WHAT IS NEEDED ▸ Your reply should consist of one number: how many lines below contain "close".

-=-=-

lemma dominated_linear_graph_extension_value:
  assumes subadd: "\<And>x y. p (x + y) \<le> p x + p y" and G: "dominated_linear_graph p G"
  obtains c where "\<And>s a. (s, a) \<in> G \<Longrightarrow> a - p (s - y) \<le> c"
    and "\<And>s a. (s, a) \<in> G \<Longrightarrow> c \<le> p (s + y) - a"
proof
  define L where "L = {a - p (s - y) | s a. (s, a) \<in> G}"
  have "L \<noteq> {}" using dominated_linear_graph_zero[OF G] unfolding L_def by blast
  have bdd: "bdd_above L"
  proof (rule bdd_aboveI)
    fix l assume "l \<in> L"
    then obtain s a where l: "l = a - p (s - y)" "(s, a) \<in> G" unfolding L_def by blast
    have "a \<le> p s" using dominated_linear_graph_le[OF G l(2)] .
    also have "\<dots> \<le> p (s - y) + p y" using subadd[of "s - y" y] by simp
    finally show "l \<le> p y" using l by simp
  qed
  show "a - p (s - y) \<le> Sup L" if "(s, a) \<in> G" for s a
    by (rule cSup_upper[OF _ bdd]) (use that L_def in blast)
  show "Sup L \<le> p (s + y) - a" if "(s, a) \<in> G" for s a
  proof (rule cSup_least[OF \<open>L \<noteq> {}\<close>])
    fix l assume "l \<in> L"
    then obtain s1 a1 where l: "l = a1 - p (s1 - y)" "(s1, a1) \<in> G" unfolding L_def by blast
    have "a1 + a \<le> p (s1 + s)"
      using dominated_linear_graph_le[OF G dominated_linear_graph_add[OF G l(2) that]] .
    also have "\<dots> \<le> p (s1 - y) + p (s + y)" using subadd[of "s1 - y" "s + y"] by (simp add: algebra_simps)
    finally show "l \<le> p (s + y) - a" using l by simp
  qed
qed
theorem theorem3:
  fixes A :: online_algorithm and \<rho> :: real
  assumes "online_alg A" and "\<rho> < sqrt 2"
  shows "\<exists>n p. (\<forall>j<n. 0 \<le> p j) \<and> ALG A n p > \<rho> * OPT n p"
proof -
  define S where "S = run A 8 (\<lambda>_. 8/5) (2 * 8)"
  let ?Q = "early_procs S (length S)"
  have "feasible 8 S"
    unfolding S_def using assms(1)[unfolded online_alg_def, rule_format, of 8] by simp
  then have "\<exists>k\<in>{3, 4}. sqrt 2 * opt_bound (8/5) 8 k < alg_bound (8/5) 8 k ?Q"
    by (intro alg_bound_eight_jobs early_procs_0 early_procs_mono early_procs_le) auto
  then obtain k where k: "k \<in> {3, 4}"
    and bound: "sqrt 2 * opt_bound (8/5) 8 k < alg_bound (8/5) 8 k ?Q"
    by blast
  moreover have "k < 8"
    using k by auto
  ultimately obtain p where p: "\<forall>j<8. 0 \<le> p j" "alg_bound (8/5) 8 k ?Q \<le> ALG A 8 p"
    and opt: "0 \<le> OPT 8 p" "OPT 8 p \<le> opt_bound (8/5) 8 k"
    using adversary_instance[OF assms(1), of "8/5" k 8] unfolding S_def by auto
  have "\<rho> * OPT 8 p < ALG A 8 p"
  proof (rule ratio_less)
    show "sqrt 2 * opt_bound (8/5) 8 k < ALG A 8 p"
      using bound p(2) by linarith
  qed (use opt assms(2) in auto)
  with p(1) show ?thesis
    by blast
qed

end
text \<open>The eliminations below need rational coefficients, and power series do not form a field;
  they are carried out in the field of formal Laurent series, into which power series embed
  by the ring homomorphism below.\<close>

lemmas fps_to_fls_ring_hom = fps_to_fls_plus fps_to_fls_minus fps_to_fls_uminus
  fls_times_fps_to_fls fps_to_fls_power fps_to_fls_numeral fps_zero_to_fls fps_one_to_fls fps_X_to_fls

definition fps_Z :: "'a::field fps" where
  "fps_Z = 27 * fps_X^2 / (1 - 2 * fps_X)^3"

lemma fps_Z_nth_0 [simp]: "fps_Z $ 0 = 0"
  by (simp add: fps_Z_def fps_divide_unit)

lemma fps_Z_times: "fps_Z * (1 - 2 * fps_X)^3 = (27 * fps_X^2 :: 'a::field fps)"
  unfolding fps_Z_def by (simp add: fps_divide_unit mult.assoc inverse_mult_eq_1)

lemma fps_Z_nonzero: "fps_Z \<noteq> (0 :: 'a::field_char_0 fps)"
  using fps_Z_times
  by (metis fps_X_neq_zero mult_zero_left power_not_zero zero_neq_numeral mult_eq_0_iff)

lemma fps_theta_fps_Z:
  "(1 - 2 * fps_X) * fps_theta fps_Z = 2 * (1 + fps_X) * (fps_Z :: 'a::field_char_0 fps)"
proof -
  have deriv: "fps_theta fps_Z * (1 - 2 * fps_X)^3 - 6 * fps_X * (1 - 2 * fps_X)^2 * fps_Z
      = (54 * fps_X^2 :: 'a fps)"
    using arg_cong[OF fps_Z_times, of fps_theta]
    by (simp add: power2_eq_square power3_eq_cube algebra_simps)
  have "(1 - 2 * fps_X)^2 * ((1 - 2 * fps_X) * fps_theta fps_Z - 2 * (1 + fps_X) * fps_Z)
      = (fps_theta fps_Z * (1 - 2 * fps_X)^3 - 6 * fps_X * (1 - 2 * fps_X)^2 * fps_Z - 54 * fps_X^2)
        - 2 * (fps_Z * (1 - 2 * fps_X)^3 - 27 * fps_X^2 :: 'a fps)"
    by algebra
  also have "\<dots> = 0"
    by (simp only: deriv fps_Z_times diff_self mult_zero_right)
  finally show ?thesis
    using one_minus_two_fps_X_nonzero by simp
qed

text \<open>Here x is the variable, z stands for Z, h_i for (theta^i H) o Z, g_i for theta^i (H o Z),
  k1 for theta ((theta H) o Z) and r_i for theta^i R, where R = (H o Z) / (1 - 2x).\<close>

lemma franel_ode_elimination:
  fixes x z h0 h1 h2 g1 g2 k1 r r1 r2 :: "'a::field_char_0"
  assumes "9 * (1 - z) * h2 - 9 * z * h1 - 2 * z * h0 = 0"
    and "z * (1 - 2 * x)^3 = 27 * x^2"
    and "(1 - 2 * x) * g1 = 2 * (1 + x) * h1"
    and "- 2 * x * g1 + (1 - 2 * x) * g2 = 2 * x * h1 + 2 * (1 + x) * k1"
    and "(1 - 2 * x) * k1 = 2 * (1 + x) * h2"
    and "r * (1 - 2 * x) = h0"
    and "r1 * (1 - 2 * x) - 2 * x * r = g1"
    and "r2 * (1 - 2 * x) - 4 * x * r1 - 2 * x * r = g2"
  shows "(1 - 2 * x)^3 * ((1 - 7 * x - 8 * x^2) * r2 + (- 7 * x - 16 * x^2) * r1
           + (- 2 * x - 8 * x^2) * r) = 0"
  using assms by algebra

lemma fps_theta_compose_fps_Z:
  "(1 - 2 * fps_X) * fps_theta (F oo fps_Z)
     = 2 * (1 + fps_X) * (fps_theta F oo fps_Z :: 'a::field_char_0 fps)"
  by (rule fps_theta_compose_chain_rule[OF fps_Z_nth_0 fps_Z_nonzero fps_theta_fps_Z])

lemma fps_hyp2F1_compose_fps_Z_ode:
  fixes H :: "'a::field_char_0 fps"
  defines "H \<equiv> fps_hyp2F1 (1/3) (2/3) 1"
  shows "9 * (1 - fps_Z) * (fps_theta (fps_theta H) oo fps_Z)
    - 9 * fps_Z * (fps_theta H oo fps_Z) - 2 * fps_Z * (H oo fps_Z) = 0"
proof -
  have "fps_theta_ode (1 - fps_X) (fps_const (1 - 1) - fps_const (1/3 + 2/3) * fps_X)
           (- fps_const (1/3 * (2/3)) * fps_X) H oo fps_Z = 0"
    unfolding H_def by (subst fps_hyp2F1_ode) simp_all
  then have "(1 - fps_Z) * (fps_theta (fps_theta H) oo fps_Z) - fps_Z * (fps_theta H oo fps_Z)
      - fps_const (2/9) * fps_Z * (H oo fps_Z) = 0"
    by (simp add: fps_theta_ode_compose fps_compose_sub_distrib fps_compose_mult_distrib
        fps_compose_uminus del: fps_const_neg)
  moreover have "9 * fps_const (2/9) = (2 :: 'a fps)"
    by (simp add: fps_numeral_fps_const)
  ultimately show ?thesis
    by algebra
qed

-=-=-

ANSWER TO THE PROBLEM ▸ 3